# [INSTRUCTIONS FOR THE TASK]
Throughout the listing below, show every line in which "fastforce" occurs.

# [DATA PROVIDED]
lemma two_dual_codegree_le:
  fixes v :: "'i \<Rightarrow> 'a::euclidean_space" and f :: "'a \<Rightarrow> real"
  assumes "finite I" "linear f"
  shows "2 * dual_codegree I v
    \<le> card {i\<in>I. f (v i) \<le> 0} + card {i\<in>I. f (v i) < 0} + card {i\<in>I. v i = 0}"
proof -
  obtain w where w: "w \<noteq> 0" "\<And>u. u \<in> v ` {i\<in>I. v i \<noteq> 0} \<Longrightarrow> w \<bullet> u \<noteq> 0"
    by (rule exists_not_orthogonal[of "v ` {i\<in>I. v i \<noteq> 0}"]) (use assms(1) in auto)
  define L where "L u = {i\<in>I. f (v i) < 0 \<or> f (v i) = 0 \<and> u \<bullet> v i \<le> 0}" for u
  \<comment> \<open>Each nonzero vector on \<open>f = 0\<close> lies in exactly one of \<open>L w\<close>, \<open>L (- w)\<close>.\<close>
  have "L w \<union> L (- w) = {i\<in>I. f (v i) \<le> 0}"
    by (auto simp: L_def)
  moreover have "L w \<inter> L (- w) = {i\<in>I. f (v i) < 0} \<union> {i\<in>I. v i = 0}"
    using w(2) linear_0[OF assms(2)] by (fastforce simp: L_def)
  moreover have "card ({i\<in>I. f (v i) < 0} \<union> {i\<in>I. v i = 0})
      = card {i\<in>I. f (v i) < 0} + card {i\<in>I. v i = 0}"
    using assms(1) linear_0[OF assms(2)] by (intro card_Un_disjoint) auto
  ultimately have sum: "card (L w) + card (L (- w))
      = card {i\<in>I. f (v i) \<le> 0} + card {i\<in>I. f (v i) < 0} + card {i\<in>I. v i = 0}"
    using card_Un_Int[of "L w" "L (- w)"] assms(1) by (simp add: L_def)
  have "dual_codegree I v \<le> card (L u)" if "u \<noteq> 0" for u
    unfolding L_def by (rule dual_codegree_le_lexicographic[OF assms that])
  then have "dual_codegree I v \<le> card (L w)" "dual_codegree I v \<le> card (L (- w))"
    using w(1) by simp_all
  with sum show ?thesis by linarith
qed

lemma covector_discrepancy_eq:
  fixes v :: "'i \<Rightarrow> 'a::euclidean_space"
  assumes "finite I"
  shows "int (covector_discrepancy I v)
    = int (card I) + int (card {i\<in>I. v i = 0}) - 2 * int (dual_codegree I v)"
proof -
  define B where "B = int (card I) + int (card {i\<in>I. v i = 0}) - 2 * int (dual_codegree I v)"
  define D where "D f = int (card {i\<in>I. f (v i) > 0}) - int (card {i\<in>I. f (v i) < 0})"
    for f :: "'a \<Rightarrow> real"
  note split = card_pos_add_card_nonpos[OF assms, of "\<lambda>i. f (v i)" for f :: "'a \<Rightarrow> real"]
  have upper: "D f \<le> B" if "linear f" for f
    using two_dual_codegree_le[OF assms that, of v] split[of f]
    unfolding D_def B_def by linarith
  have abs_upper: "\<bar>D f\<bar> \<le> B" if "linear f" for f
  proof -
    have "D (\<lambda>x. - f x) = - D f" by (simp add: D_def)
    then show ?thesis using upper[OF that] upper[OF linear_compose_neg[OF that]] by linarith
  qed
  obtain f0 :: "'a \<Rightarrow> real"
    where f0: "linear f0" "\<exists>x. f0 x \<noteq> 0" "card {i\<in>I. f0 (v i) \<le> 0} = dual_codegree I v"
    by (rule dual_codegree_attained)
  note card_nonpos_eq[OF assms, of "\<lambda>i. f0 (v i)"]
  moreover have "card {i\<in>I. v i = 0} \<le> card {i\<in>I. f0 (v i) = 0}"
    using assms linear_0[OF f0(1)] by (intro card_mono) auto
  ultimately have "B \<le> D f0"
    using split[of f0] f0(3)
    unfolding B_def D_def by linarith
  then have attained: "\<bar>D f0\<bar> = B" using abs_upper[OF f0(1)] by linarith
  have "covector_discrepancy I v = nat B"
    unfolding covector_discrepancy_def D_def[symmetric]
  proof (rule cSup_eq_maximum)
    show "nat B \<in> {nat \<bar>D f\<bar> | f. linear f}" unfolding attained[symmetric] using f0(1) by blast
    show "y \<le> nat B" if "y \<in> {nat \<bar>D f\<bar> | f. linear f}" for y
      using that abs_upper by (auto intro: nat_mono)
  qed
  then show ?thesis using attained unfolding B_def by linarith
qed
lemma no_zero_sum_opposite_weights:
  assumes "coprime a n" "a \<le> n" "2 ^ t \<le> n"
  shows "\<not> has_A_zero_sum n {a, n - a} t"
proof
  assume "has_A_zero_sum n {a, n - a} t"
  then obtain I and c :: "nat \<Rightarrow> nat" where I: "I \<subseteq> {..<t}" "finite I" "I \<noteq> {}"
      "\<forall>i\<in>I. c i \<in> {a, n - a}" "int n dvd (\<Sum>i\<in>I. int (c i) * 2 ^ i)"
    by (rule has_A_zero_sumE[where g = "\<lambda>i. 2 ^ i"])
  define e where "e i = (if c i = a then 1 else - 1 :: int)" for i
  have "int (c i) = int a * e i + (if c i = a then 0 else int n)" if "i \<in> I" for i
    using I(4) that assms(2) by (auto simp: e_def of_nat_diff)
  then have "(\<Sum>i\<in>I. int (c i) * 2 ^ i)
             = (\<Sum>i\<in>I. int a * (e i * 2 ^ i) + int n * (if c i = a then 0 else 2 ^ i))"
    by (intro sum.cong) (auto simp: algebra_simps)
  also have "\<dots> = int a * (\<Sum>i\<in>I. e i * 2 ^ i) + int n * (\<Sum>i\<in>I. if c i = a then 0 else 2 ^ i)"
    by (simp add: sum.distrib sum_distrib_left)
  finally have "(\<Sum>i\<in>I. int (c i) * 2 ^ i)
             = int a * (\<Sum>i\<in>I. e i * 2 ^ i) + int n * (\<Sum>i\<in>I. if c i = a then 0 else 2 ^ i)" .
  with I(5) have "int n dvd int a * (\<Sum>i\<in>I. e i * 2 ^ i)"
    by (simp add: dvd_add_left_iff)
  then have "int n dvd (\<Sum>i\<in>I. e i * 2 ^ i)"
    using assms(1) by (simp add: coprime_commute coprime_dvd_mult_right_iff)
  moreover have "(\<Sum>i\<in>I. e i * 2 ^ i) \<noteq> 0"
    using I(2,3) by (intro signed_sum_of_powers_of_two_nonzero) (auto simp: e_def)
  ultimately have "int n \<le> \<bar>\<Sum>i\<in>I. e i * 2 ^ i\<bar>"
    using dvd_imp_le_int[of _ "int n"] by fastforce
  also have "\<dots> \<le> (\<Sum>i\<in>I. \<bar>e i * 2 ^ i\<bar>)"
    by (rule sum_abs)
  also have "\<dots> = (\<Sum>i\<in>I. 2 ^ i)"
    by (intro sum.cong) (auto simp: e_def abs_mult)
  also have "\<dots> \<le> (\<Sum>i<t. 2 ^ i)"
    using I(1) by (intro sum_mono2) auto
  also have "\<dots> < 2 ^ t"
    by (induction t) auto
  finally show False
    using assms(3) by (simp add: not_less flip: of_nat_le_iff)
qed

lemma floor_log2_bounds:
  assumes "0 < n" "k = nat \<lfloor>log 2 (real n)\<rfloor>"
  shows "2 ^ k \<le> n" "n < 2 ^ Suc k"
proof -
  have "\<lfloor>log 2 (real n)\<rfloor> = int k"
    using assms by simp
  then show "2 ^ k \<le> n" "n < 2 ^ Suc k"
    using floor_log_nat_eq_powr_iff[where b = 2 and k = n and n = k] assms(1) by simp_all
qed

lemma dA_opposite_weights:
  assumes "1 < n" "a \<le> n" "coprime a n"
  shows "dA n {a, n - a} = Suc (nat \<lfloor>log 2 (real n)\<rfloor>)"
  using assms floor_log2_bounds[of n]
  by (intro dA_eq_Suc has_zero_sum_opposite_weights no_zero_sum_opposite_weights) auto

section \<open>Unit weights\<close>

text \<open>\<open>exact_power_dvd p l x\<close> says \<open>v\<^sub>p(x) = l\<close>; it holds for no \<open>l\<close> when \<open>x = 0\<close>.\<close>

definition exact_power_dvd :: "nat \<Rightarrow> nat \<Rightarrow> int \<Rightarrow> bool" where
  "exact_power_dvd p l x \<longleftrightarrow> int p ^ l dvd x \<and> \<not> int p ^ Suc l dvd x"
lemma wY_mult_p0:
  assumes "y \<in> {-1<..<1}"
  shows "of_real (wY y) * p0 y \<alpha> = 4 * \<i> * of_real \<alpha> * of_real (1 + y) / of_real (1 - y) + p0_regular y \<alpha>"
proof -
  define D E where "D = complex_of_real (1 - y)" and "E = complex_of_real (1 + y)"
  have "D \<noteq> 0" "E \<noteq> 0"
    using assms unfolding D_def E_def of_real_eq_0_iff by auto
  have "of_real (wY y) * p0 y \<alpha>
      = E * D^2 * (4 * \<i> * of_real \<alpha> / D^3 - 2 * \<i> * of_real \<alpha> / D^2 - (2 + 2 * \<i> / of_real \<alpha>) / D + 2 / E)"
    by (simp add: wY_def p0_def D_def E_def)
  also have "\<dots> = 4 * \<i> * of_real \<alpha> * E / D
      + (- 2 * \<i> * of_real \<alpha> * E - (2 + 2 * \<i> / of_real \<alpha>) * (E * D) + 2 * D^2)"
    using \<open>D \<noteq> 0\<close> \<open>E \<noteq> 0\<close> by (simp add: field_simps power2_eq_square power3_eq_cube)
  finally show ?thesis
    by (simp add: p0_regular_def D_def E_def)
qed

lemma wY_mult_q0:
  assumes "y \<in> {-1<..<1}"
  shows "of_real (wY y) * q0 y \<alpha> = - (2 - 2 * \<i> * of_real \<alpha>) * of_real (1 + y) / of_real (1 - y) + q0_regular y \<alpha>"
proof -
  define D E where "D = complex_of_real (1 - y)" and "E = complex_of_real (1 + y)"
  have "D \<noteq> 0" "E \<noteq> 0"
    using assms unfolding D_def E_def of_real_eq_0_iff by auto
  have "of_real (wY y) * q0 y \<alpha>
      = E * D^2 * (- (2 - 2 * \<i> * of_real \<alpha>) / D^3 - (1 / of_real (\<alpha>^2) - \<i> / of_real \<alpha>) / D^2
          - (1 + \<i> / of_real \<alpha>) / D - (1 + \<i> / of_real \<alpha>) / E)"
    by (simp add: wY_def q0_def D_def E_def)
  also have "\<dots> = - (2 - 2 * \<i> * of_real \<alpha>) * E / D
      + (- (1 / of_real (\<alpha>^2) - \<i> / of_real \<alpha>) * E - (1 + \<i> / of_real \<alpha>) * (E * D)
         - (1 + \<i> / of_real \<alpha>) * D^2)"
    using \<open>D \<noteq> 0\<close> \<open>E \<noteq> 0\<close> by (simp add: field_simps power2_eq_square power3_eq_cube)
  finally show ?thesis
    by (simp add: q0_regular_def D_def E_def)
qed

lemma wY_mult_operator:
  assumes "y \<in> {-1<..<1}"
  shows "of_real (wY y) * (F2 + p0 y \<alpha> * F1 + q0 y \<alpha> * F + F * of_real ((cmod F)^2) / of_real ((1 - y)^2))
    = of_real (wY y) * F2 + p0_regular y \<alpha> * F1 + q0_regular y \<alpha> * F
      + of_real (1 + y) * (singular_part \<alpha> F F1 / of_real (1 - y))
      + of_real (1 + y) * (F * of_real ((cmod F)^2))"
proof -
  have N: "of_real (wY y) * (F * of_real ((cmod F)^2) / of_real ((1 - y)^2))
      = of_real (1 + y) * (F * of_real ((cmod F)^2))"
    using assms by (simp add: wY_def)
  have "complex_of_real (1 - y) \<noteq> 0"
    using assms by simp
  have "of_real (wY y) * (F2 + p0 y \<alpha> * F1 + q0 y \<alpha> * F + F * of_real ((cmod F)^2) / of_real ((1 - y)^2))
      = of_real (wY y) * F2 + (of_real (wY y) * p0 y \<alpha>) * F1 + (of_real (wY y) * q0 y \<alpha>) * F
        + of_real (wY y) * (F * of_real ((cmod F)^2) / of_real ((1 - y)^2))"
    by (simp add: algebra_simps)
  also have "\<dots> = of_real (wY y) * F2
      + (4 * \<i> * of_real \<alpha> * of_real (1 + y) / of_real (1 - y) + p0_regular y \<alpha>) * F1
      + (- (2 - 2 * \<i> * of_real \<alpha>) * of_real (1 + y) / of_real (1 - y) + q0_regular y \<alpha>) * F
      + of_real (1 + y) * (F * of_real ((cmod F)^2))"
    unfolding wY_mult_p0[OF assms] wY_mult_q0[OF assms] N ..
  also have "\<dots> = of_real (wY y) * F2 + p0_regular y \<alpha> * F1 + q0_regular y \<alpha> * F
      + of_real (1 + y) * (singular_part \<alpha> F F1 / of_real (1 - y))
      + of_real (1 + y) * (F * of_real ((cmod F)^2))"
    using \<open>complex_of_real (1 - y) \<noteq> 0\<close> by (simp add: singular_part_def field_simps del: of_real_diff)
  finally show ?thesis .
qed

# [THE ANSWER]
    using w(2) linear_0[OF assms(2)] by (fastforce simp: L_def)
    using dvd_imp_le_int[of _ "int n"] by fastforce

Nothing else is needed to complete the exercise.